Releases are fully automated via `python-semantic-release` + PyPI Trusted
Publishing. Every merge to `main` runs the [release
workflow](.github/workflows/release.yml), which:

1. Parses [Conventional Commits](https://www.conventionalcommits.org/) since
   the last tag.
2. Decides the next semver (`fix:`/`perf:` → patch, `feat:` → minor,
   `BREAKING CHANGE` or `type!:` → major).
3. Updates `pyproject.toml`'s `project.version`, appends to `CHANGELOG.md`,
   tags `vX.Y.Z`, and pushes a release commit.
4. Builds with `uv build` and uploads the wheel + sdist to PyPI via OIDC
   (no token secret — configured once as a PyPI trusted publisher).
5. Attaches the artifacts to the GitHub Release.

If no commit since the last release qualifies for a bump (only
`chore`/`docs`/etc.), the workflow is a no-op.

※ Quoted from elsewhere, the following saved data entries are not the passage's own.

lemma poly_mat_invertible:
  fixes S :: "real^'n::finite^'n"
  assumes S: "S \<in> isospectral lam" and inj: "inj lam" and p: "\<forall>i. poly p (lam i) = f (lam i)"
    and f_nz: "\<And>i. f (lam i) \<noteq> 0"
  shows "invertible (poly_mat p S)"
proof -
  obtain Q where Q: "orthogonal_matrix Q"
    "poly_mat p S = Q ** diag_mat (\<lambda>i. f (lam i)) ** transpose Q"
    using poly_mat_isospectral[OF S inj p] by metis
  have "poly_mat p S ** (Q ** diag_mat (\<lambda>i. 1 / f (lam i)) ** transpose Q)
      = Q ** diag_mat (\<lambda>i. f (lam i) * (1 / f (lam i))) ** transpose Q"
    by (simp add: Q orthogonal_conj_mult diag_mat_mult_diag_mat)
  also have "\<dots> = mat 1"
    using f_nz Q(1) by (simp add: diag_mat_one orthogonal_matrix_def)
  finally show ?thesis unfolding invertible_right_inverse by (rule exI)
qed

section \<open>QR decomposition\<close>

lemma finite_linorder_less_induct:
  fixes j :: "'a::{finite,linorder}"
  assumes "\<And>j. (\<And>i. i < j \<Longrightarrow> P i) \<Longrightarrow> P j"
  shows "P j"
proof (induction j rule: measure_induct_rule[where f = "\<lambda>j. card {i. i < j}"])
  case (less j)
  show ?case
  proof (rule assms)
    fix i assume "i < j"
    then have "card {k. k < i} < card {k. k < j}" by (intro psubset_card_mono) auto
    then show "P i" by (rule less)
  qed
qed

lemma column_eq_matrix_vector_mult_axis: "column j A = A *v axis j (1::real)"
  by (simp add: column_def matrix_vector_mult_def axis_def vec_eq_iff if_distrib if_distribR
      cong: if_cong)

lemma column_notin_span_other_columns:
  fixes A :: "real^'n::finite^'n"
  assumes inv: "invertible A" and b: "b \<notin> X"
  shows "column b A \<notin> span ((\<lambda>j. column j A) ` X)"
proof
  assume "column b A \<in> span ((\<lambda>j. column j A) ` X)"
  moreover have "(\<lambda>j. column j A) ` X = (\<lambda>x. A *v x) ` ((\<lambda>j. axis j 1) ` X)"
    by (auto simp: column_eq_matrix_vector_mult_axis image_image)
  ultimately have "column b A \<in> (\<lambda>x. A *v x) ` span ((\<lambda>j. axis j 1) ` X)"
    by (simp add: span_linear_image)
  then obtain y where y: "y \<in> span ((\<lambda>j. axis j 1) ` X)" "A *v axis b 1 = A *v y"
    by (auto simp: column_eq_matrix_vector_mult_axis)
  have "axis b 1 = y" using inj_matrix_vector_mult[OF inv] y(2) by (auto dest: injD)
  moreover have "y $ b = 0" using y(1)
  proof (induction rule: span_induct_alt)
    case (step c x y) then show ?case using b by (auto simp: axis_def split: if_splits)
  qed simp
  ultimately have "(axis b 1 :: real^'n) $ b = 0" by simp
  then show False by simp
qed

### Commit prefix cheat sheet

| Prefix | Version bump | Example |
|---|---|---|
| `feat:` | minor | `feat: add predict_batch` |
| `fix:` / `perf:` | patch | `fix: handle empty input` |
| `feat!:` / `fix!:` / `BREAKING CHANGE:` footer | major (once we're on 1.x) | `feat!: drop Python 3.11 support` |
| `chore:` / `docs:` / `style:` / `refactor:` / `test:` / `build:` / `ci:` | — | `docs: add FAQ` |

While `major_on_zero = false` (0.x lifecycle), breaking changes still bump
**minor** rather than promoting to 1.0.